# The task
The response should contain only those lines of the entries below that include the string "else".

Records contained in a dataset:
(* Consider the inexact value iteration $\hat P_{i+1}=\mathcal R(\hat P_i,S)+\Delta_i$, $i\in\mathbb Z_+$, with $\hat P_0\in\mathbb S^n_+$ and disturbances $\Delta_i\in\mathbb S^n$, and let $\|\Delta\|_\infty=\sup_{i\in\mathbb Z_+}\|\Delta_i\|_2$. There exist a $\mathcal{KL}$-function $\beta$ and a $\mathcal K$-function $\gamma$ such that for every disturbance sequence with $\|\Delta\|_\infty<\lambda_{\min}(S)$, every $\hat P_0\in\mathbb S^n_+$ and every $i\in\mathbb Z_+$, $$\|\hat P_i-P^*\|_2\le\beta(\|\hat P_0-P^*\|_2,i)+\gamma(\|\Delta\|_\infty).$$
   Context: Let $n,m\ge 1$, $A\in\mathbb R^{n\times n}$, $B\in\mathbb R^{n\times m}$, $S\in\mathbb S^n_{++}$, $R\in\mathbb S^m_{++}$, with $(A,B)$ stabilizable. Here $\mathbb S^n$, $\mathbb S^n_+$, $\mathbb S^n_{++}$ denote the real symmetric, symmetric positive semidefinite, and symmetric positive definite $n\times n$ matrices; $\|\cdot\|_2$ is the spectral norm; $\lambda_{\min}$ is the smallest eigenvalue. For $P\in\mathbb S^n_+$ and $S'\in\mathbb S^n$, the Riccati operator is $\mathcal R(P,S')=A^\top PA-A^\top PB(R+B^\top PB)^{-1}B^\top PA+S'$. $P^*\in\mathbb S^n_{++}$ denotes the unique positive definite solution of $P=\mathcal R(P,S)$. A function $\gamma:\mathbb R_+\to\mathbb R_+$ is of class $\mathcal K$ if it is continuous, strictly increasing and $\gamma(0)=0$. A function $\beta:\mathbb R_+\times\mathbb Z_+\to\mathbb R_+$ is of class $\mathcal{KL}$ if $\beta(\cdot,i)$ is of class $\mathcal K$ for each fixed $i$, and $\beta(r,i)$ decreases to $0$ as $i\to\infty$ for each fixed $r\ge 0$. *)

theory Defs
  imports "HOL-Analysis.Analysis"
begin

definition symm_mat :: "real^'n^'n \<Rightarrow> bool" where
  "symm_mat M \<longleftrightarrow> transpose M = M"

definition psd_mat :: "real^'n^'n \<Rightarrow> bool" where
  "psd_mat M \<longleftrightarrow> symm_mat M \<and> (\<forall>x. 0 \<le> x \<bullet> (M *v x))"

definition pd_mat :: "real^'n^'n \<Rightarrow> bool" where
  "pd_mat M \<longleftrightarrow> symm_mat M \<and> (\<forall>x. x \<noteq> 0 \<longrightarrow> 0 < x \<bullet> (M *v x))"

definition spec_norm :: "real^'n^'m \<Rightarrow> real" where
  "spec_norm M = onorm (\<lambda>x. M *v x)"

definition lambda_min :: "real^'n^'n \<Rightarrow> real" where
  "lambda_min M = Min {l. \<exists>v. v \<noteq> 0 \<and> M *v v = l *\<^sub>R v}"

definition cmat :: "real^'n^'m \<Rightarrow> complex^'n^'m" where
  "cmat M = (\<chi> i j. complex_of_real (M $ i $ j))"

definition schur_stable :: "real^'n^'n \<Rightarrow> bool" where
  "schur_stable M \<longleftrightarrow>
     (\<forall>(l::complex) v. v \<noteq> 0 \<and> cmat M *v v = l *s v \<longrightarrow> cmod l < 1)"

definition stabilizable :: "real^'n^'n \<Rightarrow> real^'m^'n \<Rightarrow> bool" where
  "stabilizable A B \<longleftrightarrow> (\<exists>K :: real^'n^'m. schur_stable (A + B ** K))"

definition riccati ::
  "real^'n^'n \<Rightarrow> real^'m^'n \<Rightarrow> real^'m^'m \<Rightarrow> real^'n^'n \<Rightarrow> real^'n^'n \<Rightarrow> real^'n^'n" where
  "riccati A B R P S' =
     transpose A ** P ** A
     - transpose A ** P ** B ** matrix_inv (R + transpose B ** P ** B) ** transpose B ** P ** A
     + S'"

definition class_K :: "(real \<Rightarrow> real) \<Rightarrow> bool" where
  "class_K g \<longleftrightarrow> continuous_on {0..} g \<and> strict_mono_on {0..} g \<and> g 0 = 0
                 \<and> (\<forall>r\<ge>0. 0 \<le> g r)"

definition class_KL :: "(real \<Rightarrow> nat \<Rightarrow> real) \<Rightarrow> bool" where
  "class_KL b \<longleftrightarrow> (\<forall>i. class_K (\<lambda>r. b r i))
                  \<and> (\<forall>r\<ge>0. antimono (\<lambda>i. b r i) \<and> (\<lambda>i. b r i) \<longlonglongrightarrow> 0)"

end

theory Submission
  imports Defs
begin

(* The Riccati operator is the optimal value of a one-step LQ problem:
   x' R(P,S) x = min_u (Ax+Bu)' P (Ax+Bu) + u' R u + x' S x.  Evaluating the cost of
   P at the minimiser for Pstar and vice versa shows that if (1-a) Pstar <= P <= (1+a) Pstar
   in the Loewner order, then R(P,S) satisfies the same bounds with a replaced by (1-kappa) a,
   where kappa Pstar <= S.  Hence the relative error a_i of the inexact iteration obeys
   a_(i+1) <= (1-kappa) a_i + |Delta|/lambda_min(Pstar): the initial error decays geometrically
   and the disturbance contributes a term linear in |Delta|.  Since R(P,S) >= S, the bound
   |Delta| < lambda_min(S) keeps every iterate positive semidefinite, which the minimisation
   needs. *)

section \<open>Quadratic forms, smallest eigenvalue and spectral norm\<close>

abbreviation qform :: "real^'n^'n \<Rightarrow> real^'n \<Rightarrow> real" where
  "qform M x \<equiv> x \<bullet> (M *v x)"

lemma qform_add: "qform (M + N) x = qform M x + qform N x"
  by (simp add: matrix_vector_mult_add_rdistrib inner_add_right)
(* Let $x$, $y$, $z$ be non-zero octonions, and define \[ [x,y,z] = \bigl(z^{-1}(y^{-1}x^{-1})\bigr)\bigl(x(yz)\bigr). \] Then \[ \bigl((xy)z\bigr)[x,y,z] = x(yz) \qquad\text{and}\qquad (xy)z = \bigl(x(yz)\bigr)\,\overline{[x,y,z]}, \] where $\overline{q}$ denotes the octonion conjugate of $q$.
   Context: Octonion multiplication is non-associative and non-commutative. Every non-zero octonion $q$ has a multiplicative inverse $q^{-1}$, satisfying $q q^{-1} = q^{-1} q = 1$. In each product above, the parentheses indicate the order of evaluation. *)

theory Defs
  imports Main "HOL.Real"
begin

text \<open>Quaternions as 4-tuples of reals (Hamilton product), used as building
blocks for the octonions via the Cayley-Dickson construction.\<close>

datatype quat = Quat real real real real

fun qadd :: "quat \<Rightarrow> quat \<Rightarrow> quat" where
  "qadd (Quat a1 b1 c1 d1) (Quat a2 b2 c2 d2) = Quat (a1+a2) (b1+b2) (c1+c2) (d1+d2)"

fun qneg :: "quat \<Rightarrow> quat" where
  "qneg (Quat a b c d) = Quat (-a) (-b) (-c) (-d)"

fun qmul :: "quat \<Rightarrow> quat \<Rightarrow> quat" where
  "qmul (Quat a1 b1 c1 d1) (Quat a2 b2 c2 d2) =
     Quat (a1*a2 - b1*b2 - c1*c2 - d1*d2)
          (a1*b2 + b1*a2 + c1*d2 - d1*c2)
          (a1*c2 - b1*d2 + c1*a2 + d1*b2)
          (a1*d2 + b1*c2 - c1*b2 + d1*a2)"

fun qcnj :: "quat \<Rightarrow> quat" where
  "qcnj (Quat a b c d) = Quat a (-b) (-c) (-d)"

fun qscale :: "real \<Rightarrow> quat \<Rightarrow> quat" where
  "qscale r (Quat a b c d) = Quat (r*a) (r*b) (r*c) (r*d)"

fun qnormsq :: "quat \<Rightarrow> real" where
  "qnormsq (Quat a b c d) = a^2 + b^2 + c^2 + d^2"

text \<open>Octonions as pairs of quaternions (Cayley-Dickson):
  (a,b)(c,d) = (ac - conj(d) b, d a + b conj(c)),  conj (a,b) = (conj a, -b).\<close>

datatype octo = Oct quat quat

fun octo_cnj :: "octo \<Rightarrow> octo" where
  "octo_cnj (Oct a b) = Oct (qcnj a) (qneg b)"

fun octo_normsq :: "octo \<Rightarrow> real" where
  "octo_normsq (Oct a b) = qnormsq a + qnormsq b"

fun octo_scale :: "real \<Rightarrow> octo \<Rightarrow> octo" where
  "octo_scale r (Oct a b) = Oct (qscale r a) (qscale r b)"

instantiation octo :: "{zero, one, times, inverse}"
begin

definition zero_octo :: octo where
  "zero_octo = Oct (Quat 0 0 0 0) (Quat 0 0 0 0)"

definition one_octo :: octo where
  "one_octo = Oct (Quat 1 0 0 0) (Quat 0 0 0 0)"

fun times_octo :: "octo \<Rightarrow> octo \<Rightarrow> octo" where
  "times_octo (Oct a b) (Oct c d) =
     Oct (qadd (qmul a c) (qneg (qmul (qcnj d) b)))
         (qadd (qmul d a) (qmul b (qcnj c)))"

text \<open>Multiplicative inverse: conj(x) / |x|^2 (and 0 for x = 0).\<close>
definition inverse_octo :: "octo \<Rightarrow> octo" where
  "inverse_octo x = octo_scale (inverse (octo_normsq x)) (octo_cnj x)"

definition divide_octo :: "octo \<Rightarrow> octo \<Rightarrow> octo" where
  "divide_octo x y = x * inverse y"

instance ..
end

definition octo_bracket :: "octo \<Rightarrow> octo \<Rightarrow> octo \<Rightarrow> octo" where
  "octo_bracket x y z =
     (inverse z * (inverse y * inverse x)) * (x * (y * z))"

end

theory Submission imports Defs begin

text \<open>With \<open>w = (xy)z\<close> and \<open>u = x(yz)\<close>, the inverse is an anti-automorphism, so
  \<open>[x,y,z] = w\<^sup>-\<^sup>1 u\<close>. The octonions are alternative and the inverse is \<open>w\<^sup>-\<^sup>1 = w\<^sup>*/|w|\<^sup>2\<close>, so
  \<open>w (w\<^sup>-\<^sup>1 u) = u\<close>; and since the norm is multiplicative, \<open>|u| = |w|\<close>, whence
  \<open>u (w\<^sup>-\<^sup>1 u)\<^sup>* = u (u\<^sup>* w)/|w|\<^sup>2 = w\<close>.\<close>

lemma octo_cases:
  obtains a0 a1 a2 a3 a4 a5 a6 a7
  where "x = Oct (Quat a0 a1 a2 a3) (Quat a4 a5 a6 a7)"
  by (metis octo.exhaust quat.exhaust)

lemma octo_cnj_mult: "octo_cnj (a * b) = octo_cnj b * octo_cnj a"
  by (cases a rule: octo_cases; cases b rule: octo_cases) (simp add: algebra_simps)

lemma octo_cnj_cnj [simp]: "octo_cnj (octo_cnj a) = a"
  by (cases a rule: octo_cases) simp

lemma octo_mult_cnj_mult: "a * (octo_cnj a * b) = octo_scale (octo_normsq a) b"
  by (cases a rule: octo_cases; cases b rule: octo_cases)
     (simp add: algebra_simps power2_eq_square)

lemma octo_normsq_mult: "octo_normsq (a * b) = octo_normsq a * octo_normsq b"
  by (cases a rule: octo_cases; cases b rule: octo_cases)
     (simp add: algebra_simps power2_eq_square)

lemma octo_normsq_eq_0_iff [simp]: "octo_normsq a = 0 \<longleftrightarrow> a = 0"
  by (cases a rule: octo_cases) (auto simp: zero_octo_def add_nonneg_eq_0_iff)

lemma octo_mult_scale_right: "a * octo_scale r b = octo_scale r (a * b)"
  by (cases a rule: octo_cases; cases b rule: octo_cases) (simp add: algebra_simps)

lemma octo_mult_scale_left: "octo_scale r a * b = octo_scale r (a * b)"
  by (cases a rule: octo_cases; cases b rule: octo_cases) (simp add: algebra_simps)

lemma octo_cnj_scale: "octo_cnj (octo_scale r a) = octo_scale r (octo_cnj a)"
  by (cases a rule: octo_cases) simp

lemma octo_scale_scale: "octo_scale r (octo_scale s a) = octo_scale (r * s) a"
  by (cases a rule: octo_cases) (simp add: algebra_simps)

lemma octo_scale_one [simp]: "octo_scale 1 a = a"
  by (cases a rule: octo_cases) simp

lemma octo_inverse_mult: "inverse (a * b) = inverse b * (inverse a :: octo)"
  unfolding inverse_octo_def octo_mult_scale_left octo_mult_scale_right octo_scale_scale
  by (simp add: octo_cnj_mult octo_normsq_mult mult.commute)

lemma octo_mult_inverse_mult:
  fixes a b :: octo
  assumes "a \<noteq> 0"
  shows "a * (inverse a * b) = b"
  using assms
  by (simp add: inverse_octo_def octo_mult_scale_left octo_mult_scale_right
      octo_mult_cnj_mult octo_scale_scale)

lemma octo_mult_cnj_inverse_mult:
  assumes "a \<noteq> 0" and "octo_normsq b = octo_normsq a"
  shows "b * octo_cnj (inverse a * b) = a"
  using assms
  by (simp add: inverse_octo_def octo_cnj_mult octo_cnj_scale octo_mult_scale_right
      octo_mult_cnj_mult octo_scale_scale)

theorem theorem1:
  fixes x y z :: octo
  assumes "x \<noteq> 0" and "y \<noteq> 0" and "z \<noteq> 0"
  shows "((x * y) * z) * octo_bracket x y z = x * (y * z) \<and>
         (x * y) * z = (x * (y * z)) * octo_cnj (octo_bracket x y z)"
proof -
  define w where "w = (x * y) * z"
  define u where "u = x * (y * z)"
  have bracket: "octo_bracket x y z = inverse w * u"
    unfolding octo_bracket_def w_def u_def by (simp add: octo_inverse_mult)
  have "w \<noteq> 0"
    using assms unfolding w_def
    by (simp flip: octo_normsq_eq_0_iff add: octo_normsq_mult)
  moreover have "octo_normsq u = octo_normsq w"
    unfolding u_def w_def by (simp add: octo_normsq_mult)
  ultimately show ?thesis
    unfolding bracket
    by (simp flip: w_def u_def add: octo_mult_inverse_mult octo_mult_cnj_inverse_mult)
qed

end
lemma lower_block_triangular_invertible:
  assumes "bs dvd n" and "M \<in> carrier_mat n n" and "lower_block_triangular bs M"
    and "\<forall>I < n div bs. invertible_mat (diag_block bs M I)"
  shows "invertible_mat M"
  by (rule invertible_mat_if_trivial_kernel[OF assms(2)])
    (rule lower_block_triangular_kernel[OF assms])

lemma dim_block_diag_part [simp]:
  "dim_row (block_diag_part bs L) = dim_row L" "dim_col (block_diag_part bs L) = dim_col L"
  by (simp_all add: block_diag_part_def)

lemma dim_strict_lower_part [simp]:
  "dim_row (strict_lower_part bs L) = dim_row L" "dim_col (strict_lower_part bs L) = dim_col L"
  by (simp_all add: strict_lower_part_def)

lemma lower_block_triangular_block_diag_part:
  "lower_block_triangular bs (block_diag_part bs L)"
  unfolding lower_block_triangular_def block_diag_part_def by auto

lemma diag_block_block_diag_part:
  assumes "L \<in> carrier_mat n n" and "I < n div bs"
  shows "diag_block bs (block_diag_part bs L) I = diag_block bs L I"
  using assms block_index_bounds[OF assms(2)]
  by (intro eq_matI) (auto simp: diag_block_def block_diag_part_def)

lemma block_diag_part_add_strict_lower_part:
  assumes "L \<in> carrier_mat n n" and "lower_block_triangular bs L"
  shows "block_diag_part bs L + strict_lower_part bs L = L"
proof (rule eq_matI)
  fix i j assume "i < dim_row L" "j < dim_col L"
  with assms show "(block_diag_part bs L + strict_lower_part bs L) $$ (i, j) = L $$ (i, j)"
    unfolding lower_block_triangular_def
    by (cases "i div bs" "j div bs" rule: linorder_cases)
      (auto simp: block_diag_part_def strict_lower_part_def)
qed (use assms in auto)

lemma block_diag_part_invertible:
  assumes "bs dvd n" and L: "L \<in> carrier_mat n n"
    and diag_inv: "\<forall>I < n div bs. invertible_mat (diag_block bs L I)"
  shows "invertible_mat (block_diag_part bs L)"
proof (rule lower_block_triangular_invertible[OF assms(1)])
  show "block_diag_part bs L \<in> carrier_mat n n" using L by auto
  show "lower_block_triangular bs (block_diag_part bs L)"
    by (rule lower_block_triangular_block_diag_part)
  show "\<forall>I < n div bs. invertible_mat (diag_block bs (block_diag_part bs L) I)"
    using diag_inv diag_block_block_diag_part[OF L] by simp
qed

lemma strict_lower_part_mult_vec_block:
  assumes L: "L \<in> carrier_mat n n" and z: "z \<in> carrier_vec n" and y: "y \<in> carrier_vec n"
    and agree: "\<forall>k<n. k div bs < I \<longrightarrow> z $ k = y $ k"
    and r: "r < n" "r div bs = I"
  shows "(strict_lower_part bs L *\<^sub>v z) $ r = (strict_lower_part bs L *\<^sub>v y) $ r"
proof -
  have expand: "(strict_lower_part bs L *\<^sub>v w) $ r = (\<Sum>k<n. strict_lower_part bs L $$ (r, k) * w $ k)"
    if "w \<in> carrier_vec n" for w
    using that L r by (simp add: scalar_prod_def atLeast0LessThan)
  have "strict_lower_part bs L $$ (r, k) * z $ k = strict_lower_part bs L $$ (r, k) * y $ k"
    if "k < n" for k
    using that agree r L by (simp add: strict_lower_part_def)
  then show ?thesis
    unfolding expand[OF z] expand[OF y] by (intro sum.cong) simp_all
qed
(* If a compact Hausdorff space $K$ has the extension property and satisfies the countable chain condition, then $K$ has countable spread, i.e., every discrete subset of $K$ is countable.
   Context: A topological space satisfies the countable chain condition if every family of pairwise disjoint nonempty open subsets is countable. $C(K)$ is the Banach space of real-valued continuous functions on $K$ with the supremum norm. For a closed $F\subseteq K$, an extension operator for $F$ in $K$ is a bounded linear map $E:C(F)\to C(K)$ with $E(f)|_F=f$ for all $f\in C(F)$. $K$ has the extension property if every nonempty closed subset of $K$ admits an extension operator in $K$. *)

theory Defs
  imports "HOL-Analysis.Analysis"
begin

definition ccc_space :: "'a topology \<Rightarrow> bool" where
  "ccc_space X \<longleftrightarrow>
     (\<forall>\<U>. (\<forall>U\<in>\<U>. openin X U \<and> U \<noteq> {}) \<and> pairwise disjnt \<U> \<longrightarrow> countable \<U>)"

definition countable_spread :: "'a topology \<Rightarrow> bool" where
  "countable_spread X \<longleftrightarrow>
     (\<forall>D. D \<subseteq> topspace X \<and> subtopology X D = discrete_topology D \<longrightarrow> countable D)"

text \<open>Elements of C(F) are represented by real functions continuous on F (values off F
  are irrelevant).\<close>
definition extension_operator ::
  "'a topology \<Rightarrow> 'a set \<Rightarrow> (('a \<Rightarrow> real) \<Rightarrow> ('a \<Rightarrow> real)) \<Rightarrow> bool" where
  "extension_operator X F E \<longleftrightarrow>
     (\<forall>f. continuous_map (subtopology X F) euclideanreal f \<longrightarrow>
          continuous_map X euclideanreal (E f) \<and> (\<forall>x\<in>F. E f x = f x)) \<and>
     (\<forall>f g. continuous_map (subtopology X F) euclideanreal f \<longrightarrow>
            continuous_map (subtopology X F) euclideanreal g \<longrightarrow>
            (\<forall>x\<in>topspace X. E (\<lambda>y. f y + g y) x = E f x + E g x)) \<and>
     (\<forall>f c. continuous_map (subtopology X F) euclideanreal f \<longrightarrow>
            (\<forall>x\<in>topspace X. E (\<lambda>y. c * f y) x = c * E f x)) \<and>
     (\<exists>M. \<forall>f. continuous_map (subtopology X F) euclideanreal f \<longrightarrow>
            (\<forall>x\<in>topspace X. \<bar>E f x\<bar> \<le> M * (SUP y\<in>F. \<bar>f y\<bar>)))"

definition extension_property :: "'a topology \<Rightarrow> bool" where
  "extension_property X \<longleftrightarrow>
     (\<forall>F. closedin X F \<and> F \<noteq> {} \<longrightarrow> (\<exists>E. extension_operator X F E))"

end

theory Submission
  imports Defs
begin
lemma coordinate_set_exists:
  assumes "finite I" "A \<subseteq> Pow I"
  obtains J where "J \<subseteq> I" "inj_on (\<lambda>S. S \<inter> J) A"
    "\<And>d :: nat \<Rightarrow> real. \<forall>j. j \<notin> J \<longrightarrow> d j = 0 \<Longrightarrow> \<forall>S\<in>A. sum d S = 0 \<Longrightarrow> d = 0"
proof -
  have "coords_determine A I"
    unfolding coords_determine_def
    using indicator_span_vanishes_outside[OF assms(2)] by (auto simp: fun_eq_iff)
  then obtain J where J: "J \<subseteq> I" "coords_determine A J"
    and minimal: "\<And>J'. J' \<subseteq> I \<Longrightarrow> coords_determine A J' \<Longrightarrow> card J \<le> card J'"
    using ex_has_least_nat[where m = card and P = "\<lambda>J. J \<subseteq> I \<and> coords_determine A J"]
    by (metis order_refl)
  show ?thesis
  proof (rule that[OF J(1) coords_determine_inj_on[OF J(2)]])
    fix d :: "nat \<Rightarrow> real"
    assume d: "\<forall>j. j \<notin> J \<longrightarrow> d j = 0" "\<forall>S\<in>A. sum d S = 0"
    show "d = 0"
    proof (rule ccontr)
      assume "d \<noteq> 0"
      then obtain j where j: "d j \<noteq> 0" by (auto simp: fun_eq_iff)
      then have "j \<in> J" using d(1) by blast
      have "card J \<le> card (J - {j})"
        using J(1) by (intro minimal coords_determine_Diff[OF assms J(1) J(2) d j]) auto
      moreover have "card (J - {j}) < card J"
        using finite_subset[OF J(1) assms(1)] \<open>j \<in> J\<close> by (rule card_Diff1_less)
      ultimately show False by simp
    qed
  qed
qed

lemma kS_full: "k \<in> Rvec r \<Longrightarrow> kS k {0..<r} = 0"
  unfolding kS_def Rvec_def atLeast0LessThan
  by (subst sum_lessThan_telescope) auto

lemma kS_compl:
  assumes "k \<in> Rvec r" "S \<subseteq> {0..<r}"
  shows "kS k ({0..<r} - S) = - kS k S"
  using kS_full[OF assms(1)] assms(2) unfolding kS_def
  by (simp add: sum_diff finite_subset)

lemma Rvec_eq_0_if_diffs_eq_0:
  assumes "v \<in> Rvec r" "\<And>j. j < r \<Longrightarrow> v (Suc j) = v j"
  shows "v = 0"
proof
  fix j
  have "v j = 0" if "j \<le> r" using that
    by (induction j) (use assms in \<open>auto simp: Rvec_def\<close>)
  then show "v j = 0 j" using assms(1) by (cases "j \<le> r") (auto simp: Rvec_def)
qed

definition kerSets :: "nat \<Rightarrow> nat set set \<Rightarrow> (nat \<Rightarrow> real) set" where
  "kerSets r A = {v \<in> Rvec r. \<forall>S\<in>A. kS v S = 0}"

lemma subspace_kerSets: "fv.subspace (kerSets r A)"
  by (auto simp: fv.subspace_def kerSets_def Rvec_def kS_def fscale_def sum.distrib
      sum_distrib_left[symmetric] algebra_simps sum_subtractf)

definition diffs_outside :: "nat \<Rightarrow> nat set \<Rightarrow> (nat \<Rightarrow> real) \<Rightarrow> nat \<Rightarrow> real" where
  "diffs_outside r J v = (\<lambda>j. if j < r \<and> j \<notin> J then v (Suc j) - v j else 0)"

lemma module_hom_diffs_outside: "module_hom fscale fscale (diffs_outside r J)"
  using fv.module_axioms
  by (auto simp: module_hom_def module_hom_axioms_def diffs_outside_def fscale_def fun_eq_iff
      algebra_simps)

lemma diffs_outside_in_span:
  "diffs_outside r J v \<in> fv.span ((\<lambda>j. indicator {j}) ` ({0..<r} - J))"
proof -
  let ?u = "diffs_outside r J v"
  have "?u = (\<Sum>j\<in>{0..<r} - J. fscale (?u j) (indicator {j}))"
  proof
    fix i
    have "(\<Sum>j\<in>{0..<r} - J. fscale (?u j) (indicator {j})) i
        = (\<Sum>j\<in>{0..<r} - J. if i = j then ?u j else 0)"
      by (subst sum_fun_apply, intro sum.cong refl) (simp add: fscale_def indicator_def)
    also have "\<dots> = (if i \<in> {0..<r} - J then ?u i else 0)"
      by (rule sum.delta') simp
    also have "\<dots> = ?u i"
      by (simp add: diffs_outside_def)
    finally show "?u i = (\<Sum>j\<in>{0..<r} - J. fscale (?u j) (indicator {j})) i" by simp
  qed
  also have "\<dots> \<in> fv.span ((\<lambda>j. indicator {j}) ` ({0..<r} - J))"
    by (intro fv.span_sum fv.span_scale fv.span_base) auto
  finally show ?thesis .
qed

# Solution
  "diffs_outside r J v = (\<lambda>j. if j < r \<and> j \<notin> J then v (Suc j) - v j else 0)"
        = (\<Sum>j\<in>{0..<r} - J. if i = j then ?u j else 0)"
    also have "\<dots> = (if i \<in> {0..<r} - J then ?u i else 0)"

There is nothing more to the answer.